The other Foucault


Michel Foucault (center) with Jean Genet (right) at a Paris demonstration in the wake of the killing of Mohamed Diab by police in 1972.

What led the French theorist of madness and sexuality to politics?

At his death in 1984, Michel Foucault left a letter stating that he wanted no posthumous publication of his work. He should have known better: The hunger for further clarification and elaboration of the master’s positions would prove irresistible. So too has been the flow of posthumous publications, the most eagerly awaited of which have been the dozen or so book-length compilations of his annual lectures at the Collège de France, which began to appear in English translation in 2003.

The shape of Foucault’s intellectual trajectory was already controversial during his lifetime. Readers asked, for example, whether his late turn to the ethics of self-care was a betrayal of his earlier Nietzschean prophecy that the concept of “man” was destined to disappear. How could he distinguish between right and wrong in human actions without a commitment to the self and the human? Had Foucault finally renounced Nietzsche, and if so, was that a good or bad thing?
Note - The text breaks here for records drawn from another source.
lemma step_size_condition:
  fixes \<gamma> L P :: real
  assumes "0 < \<gamma>" "0 < L" "0 \<le> P" "\<gamma> \<le> 1 / (L * sqrt P)"
  shows "\<gamma>^2 * L^2 * P \<le> 1"
proof -
  have "0 < sqrt P" using assms by (cases "P = 0") auto
  then have "\<gamma> * (L * sqrt P) \<le> 1" using assms by (simp add: field_simps)
  then have "(\<gamma> * (L * sqrt P))^2 \<le> 1" using assms \<open>0 < sqrt P\<close> by (simp add: power_le_one)
  then show ?thesis using assms by (simp add: power_mult_distrib)
qed

section \<open>The sketched objective\<close>

locale sketched_objective =
  fixes f :: "real^'n::finite \<Rightarrow> real" and s :: "real^'n" and D :: "(real^'n^'n) measure"
    and Lf :: real
  assumes D_prob: "prob_space D" and D_sets: "sets D = sets borel"
    and smooth: "L_smooth Lf f" and f_bdd: "bdd_below (range f)"
    and Lmax_fin: "\<exists>L. AE S in D. lambda_max (transpose S ** S) \<le> L"
    and gram_integrable: "integrable D (\<lambda>S. transpose S ** S)"
    and Lf_pos: "0 < Lf"
begin

sublocale prob_space D by (rule D_prob)

abbreviation "f_inf \<equiv> Inf (range f)"
abbreviation "ft \<equiv> f_tilde D f s"
abbreviation "ft_inf \<equiv> Inf (range ft)"
abbreviation "Lmax \<equiv> L_S_max D"

definition sk_point :: "real^'n^'n \<Rightarrow> real^'n \<Rightarrow> real^'n" where
  "sk_point S y = s + S *v (y - s)"

definition sk_grad :: "real^'n^'n \<Rightarrow> real^'n \<Rightarrow> real^'n" where
  "sk_grad S y = transpose S *v grad f (sk_point S y)"

definition mean_sk_grad :: "real^'n \<Rightarrow> real^'n" where
  "mean_sk_grad y = (\<integral>S. sk_grad S y \<partial>D)"

lemma f_differentiable: "f differentiable (at x)"
  using smooth unfolding L_smooth_def by blast

lemma f_quadratic_bound: "f (x + h) \<le> f x + grad f x \<bullet> h + Lf / 2 * (norm h)^2"
  using smooth unfolding L_smooth_def by blast

lemma f_inf_le: "f_inf \<le> f x"
  using f_bdd by (simp add: cInf_lower)

lemma f_continuous: "continuous_on UNIV f"
  using f_differentiable
  by (meson continuous_at_imp_continuous_on differentiable_imp_continuous_within)

lemma grad_f_measurable: "grad f \<in> borel_measurable borel"
  by (rule grad_borel_measurable[OF f_differentiable])

lemma norm_grad_f_sq_le: "(norm (grad f x))^2 \<le> 2 * Lf * (f x - f_inf)"
  by (rule L_smooth_grad_norm_sq_le[OF smooth f_bdd Lf_pos])

lemma measurable_D: "measurable D M = measurable borel M"
  by (rule measurable_cong_sets[OF D_sets refl])

lemma ft_eq: "ft y = (\<integral>S. f (sk_point S y) \<partial>D)"
  by (simp add: f_tilde_def f_S_def sk_point_def)
fun enc_pair :: "nat \<times> 'v \<Rightarrow> 'v uexp" where
  "enc_pair (q, v) = UList [UNat q, UVal v]"

fun dec_pair :: "'v uexp \<Rightarrow> (nat \<times> 'v) list" where
  "dec_pair (UList [UNat q, UVal v]) = [(q, v)]"
| "dec_pair _ = []"

definition enc_view :: "(nat \<times> 'v) list \<Rightarrow> 'v uexp" where
  "enc_view w = UList (map enc_pair w)"

fun dec_view :: "'v uexp \<Rightarrow> (nat \<times> 'v) list" where
  "dec_view (UList xs) = concat (map dec_pair xs)"
| "dec_view _ = []"

lemma dec_enc_view [simp]: "dec_view (enc_view w) = w"
  unfolding enc_view_def by (induction w) auto

fun enc_report :: "nat \<times> (nat \<times> 'v) list \<Rightarrow> 'v uexp" where
  "enc_report (q, w) = UList [UNat q, enc_view w]"

fun dec_report :: "'v uexp \<Rightarrow> (nat \<times> (nat \<times> 'v) list) list" where
  "dec_report (UList [UNat q, w]) = [(q, dec_view w)]"
| "dec_report _ = []"

definition enc_reports :: "(nat \<times> (nat \<times> 'v) list) list \<Rightarrow> 'v uexp" where
  "enc_reports rs = UList (map enc_report rs)"

fun dec_reports :: "'v uexp \<Rightarrow> (nat \<times> (nat \<times> 'v) list) list" where
  "dec_reports (UList xs) = concat (map dec_report xs)"
| "dec_reports _ = []"

lemma dec_enc_reports [simp]: "dec_reports (enc_reports rs) = rs"
  unfolding enc_reports_def by (induction rs) auto
lemma real_tail: "real (tail i r) = of_int \<lfloor>tail_real i r\<rfloor>"
  unfolding tail_def using tail_real_nonneg[of i r] by simp

lemma tail_bounds: "real (tail i r) \<le> tail_real i r" "tail_real i r < real (tail i r) + 1"
  unfolding real_tail by linarith+

lemma tail_real_prev: "1 \<le> r \<Longrightarrow> tail_real i (r - 1) = sqrt 2 * tail_real i r"
proof -
  assume r: "1 \<le> r"
  have e: "- real (r - 1) / 2 = - real r / 2 + 1/2" using r by (simp add: of_nat_diff field_simps)
  have "2 powr (- real (r - 1) / 2) = 2 powr (- real r / 2 + 1/2)" unfolding e ..
  also have "\<dots> = 2 powr (- real r / 2) * 2 powr (1/2)" by (rule powr_add)
  finally have "2 powr (- real (r - 1) / 2) = 2 powr (- real r / 2) * 2 powr (1/2)" .
  moreover have "(2::real) powr (1/2) = sqrt 2" by (simp add: powr_half_sqrt)
  ultimately show ?thesis unfolding tail_real_def by simp
qed

lemma cidx_eq: "cidx i r = i - tail i r"
proof -
  have "alpha r * real i = real i - tail_real i r" unfolding alpha_def tail_real_def by (simp add: algebra_simps)
  then have "\<lceil>alpha r * real i\<rceil> = int i - \<lfloor>tail_real i r\<rfloor>"
    using ceiling_diff_of_int[of "- tail_real i r" "- int i"] by (simp add: ceiling_minus)
  moreover have "\<lfloor>tail_real i r\<rfloor> \<le> int i" using tail_real_le[of i r] by linarith
  moreover have "0 \<le> \<lfloor>tail_real i r\<rfloor>" using tail_real_nonneg[of i r] by simp
  ultimately show ?thesis unfolding cidx_def tail_def by (simp add: nat_diff_distrib)
qed

lemma tail_real_ge1: assumes "1 \<le> i" "r \<le> rmax i" shows "1 \<le> tail_real i r"
proof -
  have h: "0 \<le> 2 * log 2 (real i)" using assms by simp
  have "int r \<le> \<lfloor>2 * log 2 (real i)\<rfloor>" using assms(2) h unfolding rmax_def by (simp add: le_nat_iff)
  then have "real r \<le> 2 * log 2 (real i)" by (simp add: le_floor_iff)
  then have hl: "real r / 2 \<le> log 2 (real i)" by simp
  have "2 powr (real r / 2) \<le> real i" using le_log_iff[of 2 "real i" "real r / 2"] assms hl by simp
  then show ?thesis unfolding tail_real_def using assms by (simp add: powr_minus divide_simps)
qed

lemma tail_real_rmax_lt: assumes "1 \<le> i" shows "tail_real i (rmax i) < sqrt 2"
proof -
  have h: "0 \<le> 2 * log 2 (real i)" using assms by simp
  have "2 * log 2 (real i) < real (rmax i) + 1" unfolding rmax_def
    using h by (simp add: of_nat_nat)
  then have hl: "log 2 (real i) < (real (rmax i) + 1) / 2" by simp
  have "real i < 2 powr ((real (rmax i) + 1) / 2)"
    using log_less_iff[of 2 "real i" "(real (rmax i) + 1) / 2"] assms hl by simp
  also have "\<dots> = 2 powr (real (rmax i) / 2) * 2 powr (1/2)" by (simp add: powr_add[symmetric] add_divide_distrib)
  finally have "real i < 2 powr (real (rmax i) / 2) * sqrt 2" by (simp add: powr_half_sqrt)
  then show ?thesis unfolding tail_real_def by (simp add: powr_minus divide_simps mult.commute)
qed

lemma tail_rmax: assumes "1 \<le> i" shows "tail i (rmax i) = 1"
proof -
  have "tail_real i (rmax i) < 2" using tail_real_rmax_lt[OF assms] sqrt2_bounds by linarith
  moreover have "1 \<le> tail_real i (rmax i)" using tail_real_ge1[OF assms] by simp
  ultimately show ?thesis unfolding tail_def by linarith
qed

lemma tail_ge1: "1 \<le> i \<Longrightarrow> r \<le> rmax i \<Longrightarrow> 1 \<le> tail i r"
  using tail_real_ge1[of i r] unfolding tail_def by linarith

lemma step2_eq:
  assumes i: "1 \<le> i" and r: "1 \<le> r" "r \<le> rmax i"
    and l: "i - tail i (r - 1) < l" "l \<le> i - tail i r"
  shows "step2 i l = r"
  unfolding step2_def
proof (rule Least_equality)
  show "1 \<le> r \<and> r \<le> rmax i \<and> l \<le> cidx i r" using r l by (simp add: cidx_eq)
next
  fix y assume y: "1 \<le> y \<and> y \<le> rmax i \<and> l \<le> cidx i y"
  show "r \<le> y"
  proof (rule ccontr)
    assume "\<not> r \<le> y"
    then have "y \<le> r - 1" by simp
    then have "tail i (r - 1) \<le> tail i y" by (rule tail_mono)
    then show False using y l tail_le[of i y] tail_le[of i "r-1"] unfolding cidx_eq by linarith
  qed
qed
The lectures, diverging as they often do from the books that made Foucault famous, only added to the controversy. They are—along with various manifestos, unpublished drafts, interviews, and other miscellaneous writings—now also the subject of two fascinating new books by Stuart Elden: Foucault: The Birth of Power and Foucault’s Last Decade. In the former, Elden tries to soothe some of the long-standing tensions between Foucault and Marx, in part by displaying hidden continuities between Foucault’s early work on madness and knowledge and his later work on power. In the latter, Elden deals with the 10 years after Foucault finished the manuscript of Discipline and Punish and began (on the same day!) The History of Sexuality. He shows how much of Foucault’s interest in sexuality was actually an interest in governmentality, or technologies of rule. When Foucault talked about subjectivity, Elden argues, he was also talking about the formation of subjects in the political sense, or how human beings become subjected to power.
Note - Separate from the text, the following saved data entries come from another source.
(* Let $(A,B,\mathfrak H)$ be a P-module and let $\xi,\eta\in\mathfrak H$ be vectors contained in rays $p,q$ respectively. If $p\neq q$ then $\xi$ and $\eta$ are orthogonal. In particular, if $\xi\in\mathfrak H$ is contained in a ray $p$, then $p$ is eventually periodic and the length of a period of $p$ is at most $\dim(\mathfrak H)$.
   Context: A P-module is $(A,B,\mathfrak H)$ with $\mathfrak H$ a finite-dimensional complex Hilbert space and $A,B$ operators with $A^*A+B^*B=\mathrm{id}$. A ray is an infinite binary sequence $p=x_1x_2\cdots$; $p_n=x_1\cdots x_n$. For a finite binary word $w=x_1\cdots x_n$ and $\xi\in\mathfrak H$, $w\xi:=X_{x_n}\cdots X_{x_1}\xi$ where $X_0=A$, $X_1=B$. A non-zero vector $\xi$ is contained in the ray $p$ if $\|p_n\xi\|=\|\xi\|$ for all $n\ge1$. A ray $p$ is eventually periodic if $p=v\cdot w^\infty$ for finite words $v,w$ ($w$ a period). *)

theory Defs
  imports "Jordan_Normal_Form.Matrix"
begin

text \<open>The finite-dimensional complex Hilbert space is modelled as \<open>\<complex>^n\<close> = \<open>carrier_vec n\<close>
  with the standard inner product; operators are \<open>n \<times> n\<close> complex matrices.\<close>

definition hinner :: "complex vec \<Rightarrow> complex vec \<Rightarrow> complex" where
  "hinner v w = (\<Sum>i<dim_vec v. v $ i * cnj (w $ i))"

definition hnorm :: "complex vec \<Rightarrow> real" where
  "hnorm v = sqrt (Re (hinner v v))"

definition adj :: "complex mat \<Rightarrow> complex mat" where
  "adj M = mat (dim_col M) (dim_row M) (\<lambda>(i,j). cnj (M $$ (j,i)))"

definition P_module :: "nat \<Rightarrow> complex mat \<Rightarrow> complex mat \<Rightarrow> bool" where
  "P_module n A B \<longleftrightarrow> A \<in> carrier_mat n n \<and> B \<in> carrier_mat n n \<and>
     adj A * A + adj B * B = 1\<^sub>m n"

text \<open>A ray is an infinite binary sequence \<open>p :: nat \<Rightarrow> bool\<close>; \<open>p 0\<close> is \<open>x_1\<close>
  (\<open>False\<close> = 0, \<open>True\<close> = 1).\<close>

definition letter_op :: "complex mat \<Rightarrow> complex mat \<Rightarrow> bool \<Rightarrow> complex mat" where
  "letter_op A B x = (if x then B else A)"

text \<open>\<open>w \<xi> = X_{x_n} \<cdots> X_{x_1} \<xi>\<close> for \<open>w = x_1 \<cdots> x_n\<close>.\<close>
definition word_apply :: "complex mat \<Rightarrow> complex mat \<Rightarrow> bool list \<Rightarrow> complex vec \<Rightarrow> complex vec" where
  "word_apply A B w \<xi> = fold (\<lambda>x v. letter_op A B x *\<^sub>v v) w \<xi>"

definition prefix :: "(nat \<Rightarrow> bool) \<Rightarrow> nat \<Rightarrow> bool list" where
  "prefix p n = map p [0..<n]"

definition contained_in_ray ::
  "nat \<Rightarrow> complex mat \<Rightarrow> complex mat \<Rightarrow> complex vec \<Rightarrow> (nat \<Rightarrow> bool) \<Rightarrow> bool" where
  "contained_in_ray n A B \<xi> p \<longleftrightarrow> \<xi> \<in> carrier_vec n \<and> \<xi> \<noteq> 0\<^sub>v n \<and>
     (\<forall>k\<ge>1. hnorm (word_apply A B (prefix p k) \<xi>) = hnorm \<xi>)"

definition omega_ray :: "bool list \<Rightarrow> bool list \<Rightarrow> nat \<Rightarrow> bool" where
  "omega_ray v w i = (if i < length v then v ! i else w ! ((i - length v) mod length w))"

end

theory Submission
  imports Defs "Jordan_Normal_Form.Determinant"
begin

text \<open>Summing \<open>\<langle>X\<xi>, X\<eta>\<rangle>\<close> over both letters gives back \<open>\<langle>\<xi>, \<eta>\<rangle>\<close>. If \<open>\<xi>\<close> is contained
  in the ray \<open>p\<close>, the letter not taken by \<open>p\<close> annihilates the current vector, so \<open>\<langle>\<xi>, \<eta>\<rangle>\<close>
  is preserved along the prefixes of \<open>p\<close> for every \<open>\<eta>\<close>. At the first position where \<open>p\<close> and
  \<open>q\<close> differ, each of the two current vectors is annihilated by the letter the other one takes,
  so the inner product vanishes. For periodicity, \<open>p\<^sub>k \<xi>\<close> is contained in the \<open>k\<close>-th shift of
  \<open>p\<close>; among the \<open>n + 1\<close> vectors \<open>p\<^sub>0 \<xi>, \<dots>, p\<^sub>n \<xi>\<close> in \<open>\<complex>\<^sup>n\<close> two are not orthogonal, hence
  two shifts \<open>i < j \<le> n\<close> of \<open>p\<close> coincide and \<open>j - i\<close> is a period.\<close>

lemma hinner_self: "hinner v v = of_real (\<Sum>i<dim_vec v. (cmod (v $ i))\<^sup>2)"
  unfolding hinner_def of_real_sum by (intro sum.cong refl) (simp only: complex_norm_square)

lemma hinner_self_eq_hnorm_sq: "hinner v v = of_real ((hnorm v)\<^sup>2)"
  unfolding hnorm_def hinner_self by (simp add: sum_nonneg)

lemma hinner_self_eq_0_iff:
  assumes "v \<in> carrier_vec n"
  shows "hinner v v = 0 \<longleftrightarrow> v = 0\<^sub>v n"
proof -
  have "hinner v v = 0 \<longleftrightarrow> (\<forall>i\<in>{..<n}. (cmod (v $ i))\<^sup>2 = 0)"
    using assms unfolding hinner_self of_real_eq_0_iff by (simp add: sum_nonneg_eq_0_iff)
  then show ?thesis
    using assms by (auto intro!: eq_vecI)
qed

lemma hinner_zero_left [simp]: "hinner (0\<^sub>v n) w = 0"
  unfolding hinner_def by simp

lemma hinner_zero_right: "v \<in> carrier_vec n \<Longrightarrow> hinner v (0\<^sub>v n) = 0"
  unfolding hinner_def by simp

lemma hinner_add_right:
  assumes "v \<in> carrier_vec n" "x \<in> carrier_vec n" "y \<in> carrier_vec n"
  shows "hinner v (x + y) = hinner v x + hinner v y"
  using assms unfolding hinner_def by (simp add: sum.distrib algebra_simps)

lemma adj_carrier: "M \<in> carrier_mat m n \<Longrightarrow> adj M \<in> carrier_mat n m"
  unfolding adj_def by auto

lemma hinner_mult_mat_vec_left:
  assumes M: "M \<in> carrier_mat n n" and v: "v \<in> carrier_vec n" and u: "u \<in> carrier_vec n"
  shows "hinner (M *\<^sub>v v) u = hinner v (adj M *\<^sub>v u)"
proof -
  have "hinner (M *\<^sub>v v) u = (\<Sum>i<n. (\<Sum>j<n. M $$ (i,j) * v $ j) * cnj (u $ i))"
    using M v u unfolding hinner_def by (simp add: scalar_prod_def atLeast0LessThan)
  also have "\<dots> = (\<Sum>i<n. \<Sum>j<n. v $ j * (M $$ (i,j) * cnj (u $ i)))"
    by (intro sum.cong refl) (simp add: sum_distrib_left ring_distribs mult_ac)
  also have "\<dots> = (\<Sum>j<n. \<Sum>i<n. v $ j * (M $$ (i,j) * cnj (u $ i)))"
    by (rule sum.swap)
  also have "\<dots> = (\<Sum>j<n. v $ j * cnj (\<Sum>i<n. cnj (M $$ (i,j)) * u $ i))"
    by (simp add: sum_distrib_left)
  also have "\<dots> = hinner v (adj M *\<^sub>v u)"
    using M v u unfolding hinner_def adj_def by (simp add: scalar_prod_def atLeast0LessThan)
  finally show ?thesis .
qed

lemma P_module_hinner:
  assumes P: "P_module n A B" and v: "v \<in> carrier_vec n" and w: "w \<in> carrier_vec n"
  shows "hinner (A *\<^sub>v v) (A *\<^sub>v w) + hinner (B *\<^sub>v v) (B *\<^sub>v w) = hinner v w"
proof -
  have A: "A \<in> carrier_mat n n" and B: "B \<in> carrier_mat n n"
    and isometry: "adj A * A + adj B * B = 1\<^sub>m n"
    using P unfolding P_module_def by auto
  have aA: "adj A \<in> carrier_mat n n" and aB: "adj B \<in> carrier_mat n n"
    using A B by (simp_all add: adj_carrier)
  have "hinner (A *\<^sub>v v) (A *\<^sub>v w) + hinner (B *\<^sub>v v) (B *\<^sub>v w)
      = hinner v (adj A *\<^sub>v (A *\<^sub>v w)) + hinner v (adj B *\<^sub>v (B *\<^sub>v w))"
    using A B v w by (simp add: hinner_mult_mat_vec_left)
  also have "\<dots> = hinner v (adj A *\<^sub>v (A *\<^sub>v w) + adj B *\<^sub>v (B *\<^sub>v w))"
    using aA aB A B w by (simp add: hinner_add_right[OF v])
  also have "adj A *\<^sub>v (A *\<^sub>v w) + adj B *\<^sub>v (B *\<^sub>v w) = (adj A * A + adj B * B) *\<^sub>v w"
    using aA aB A B w by (simp add: add_mult_distrib_mat_vec[of _ n n])
  finally show ?thesis
    using isometry w by simp
qed

lemma letter_op_carrier: "P_module n A B \<Longrightarrow> letter_op A B x \<in> carrier_mat n n"
  unfolding P_module_def letter_op_def by auto

lemma P_module_hinner_letters:
  assumes "P_module n A B" "v \<in> carrier_vec n" "w \<in> carrier_vec n"
  shows "hinner (letter_op A B x *\<^sub>v v) (letter_op A B x *\<^sub>v w)
       + hinner (letter_op A B (\<not> x) *\<^sub>v v) (letter_op A B (\<not> x) *\<^sub>v w) = hinner v w"
  using P_module_hinner[OF assms] by (cases x) (simp_all add: letter_op_def add.commute)

lemma P_module_other_letter_vanishes:
  assumes P: "P_module n A B" and v: "v \<in> carrier_vec n"
    and isometric: "hnorm (letter_op A B x *\<^sub>v v) = hnorm v"
  shows "letter_op A B (\<not> x) *\<^sub>v v = 0\<^sub>v n"
proof -
  let ?u = "letter_op A B (\<not> x) *\<^sub>v v"
  have "hinner (letter_op A B x *\<^sub>v v) (letter_op A B x *\<^sub>v v) = hinner v v"
    using isometric by (simp add: hinner_self_eq_hnorm_sq)
  then have "hinner ?u ?u = 0"
    using P_module_hinner_letters[OF P v v, of x] by simp
  moreover have "?u \<in> carrier_vec n"
    using mult_mat_vec_carrier[OF letter_op_carrier[OF P] v] .
  ultimately show ?thesis
    using hinner_self_eq_0_iff by blast
qed

lemma word_apply_Nil [simp]: "word_apply A B [] \<xi> = \<xi>"
  by (simp add: word_apply_def)

lemma word_apply_append:
  "word_apply A B (u @ w) \<xi> = word_apply A B w (word_apply A B u \<xi>)"
  by (simp add: word_apply_def)

lemma word_apply_carrier:
  assumes "P_module n A B" "\<xi> \<in> carrier_vec n"
  shows "word_apply A B w \<xi> \<in> carrier_vec n"
  using assms(2)
proof (induction w arbitrary: \<xi>)
  case (Cons x w)
  then show ?case
    using letter_op_carrier[OF assms(1), of x] by (simp add: word_apply_def)
qed simp

lemma prefix_0 [simp]: "prefix p 0 = []"
  by (simp add: prefix_def)

lemma prefix_Suc: "prefix p (Suc k) = prefix p k @ [p k]"
  by (simp add: prefix_def)

lemma prefix_add: "prefix p (k + j) = prefix p k @ prefix (\<lambda>i. p (k + i)) j"
  by (induction j) (simp_all add: prefix_Suc)

lemma word_apply_prefix_Suc:
  "word_apply A B (prefix p (Suc k)) \<xi> = letter_op A B (p k) *\<^sub>v word_apply A B (prefix p k) \<xi>"
  by (simp add: word_apply_def prefix_Suc)

lemma contained_in_ray_word_apply_carrier:
  assumes "P_module n A B" "contained_in_ray n A B \<xi> p"
  shows "word_apply A B w \<xi> \<in> carrier_vec n"
  using assms word_apply_carrier unfolding contained_in_ray_def by blast

lemma contained_in_ray_hnorm:
  assumes "contained_in_ray n A B \<xi> p"
  shows "hnorm (word_apply A B (prefix p k) \<xi>) = hnorm \<xi>"
  using assms unfolding contained_in_ray_def by (cases k) auto

lemma contained_in_ray_other_letter_vanishes:
  assumes P: "P_module n A B" and c: "contained_in_ray n A B \<xi> p"
  shows "letter_op A B (\<not> p k) *\<^sub>v word_apply A B (prefix p k) \<xi> = 0\<^sub>v n"
proof (rule P_module_other_letter_vanishes[OF P])
  show "word_apply A B (prefix p k) \<xi> \<in> carrier_vec n"
    using contained_in_ray_word_apply_carrier[OF P c] .
  show "hnorm (letter_op A B (p k) *\<^sub>v word_apply A B (prefix p k) \<xi>)
      = hnorm (word_apply A B (prefix p k) \<xi>)"
    using contained_in_ray_hnorm[OF c, of "Suc k"] contained_in_ray_hnorm[OF c, of k]
    by (simp add: word_apply_prefix_Suc)
qed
Elden doesn’t claim that his answers are definitive. He notes that more than half of the 110 boxes of Foucault’s papers, classified by France as a national treasure and held at the Bibliothèque Nationale de France, remain closed to researchers, thus leaving all interpretations provisional. But one collateral payoff of his close look at Foucault’s career is what he reveals of Foucault’s own confusions and uncertainties about his project and what he was really trying to do.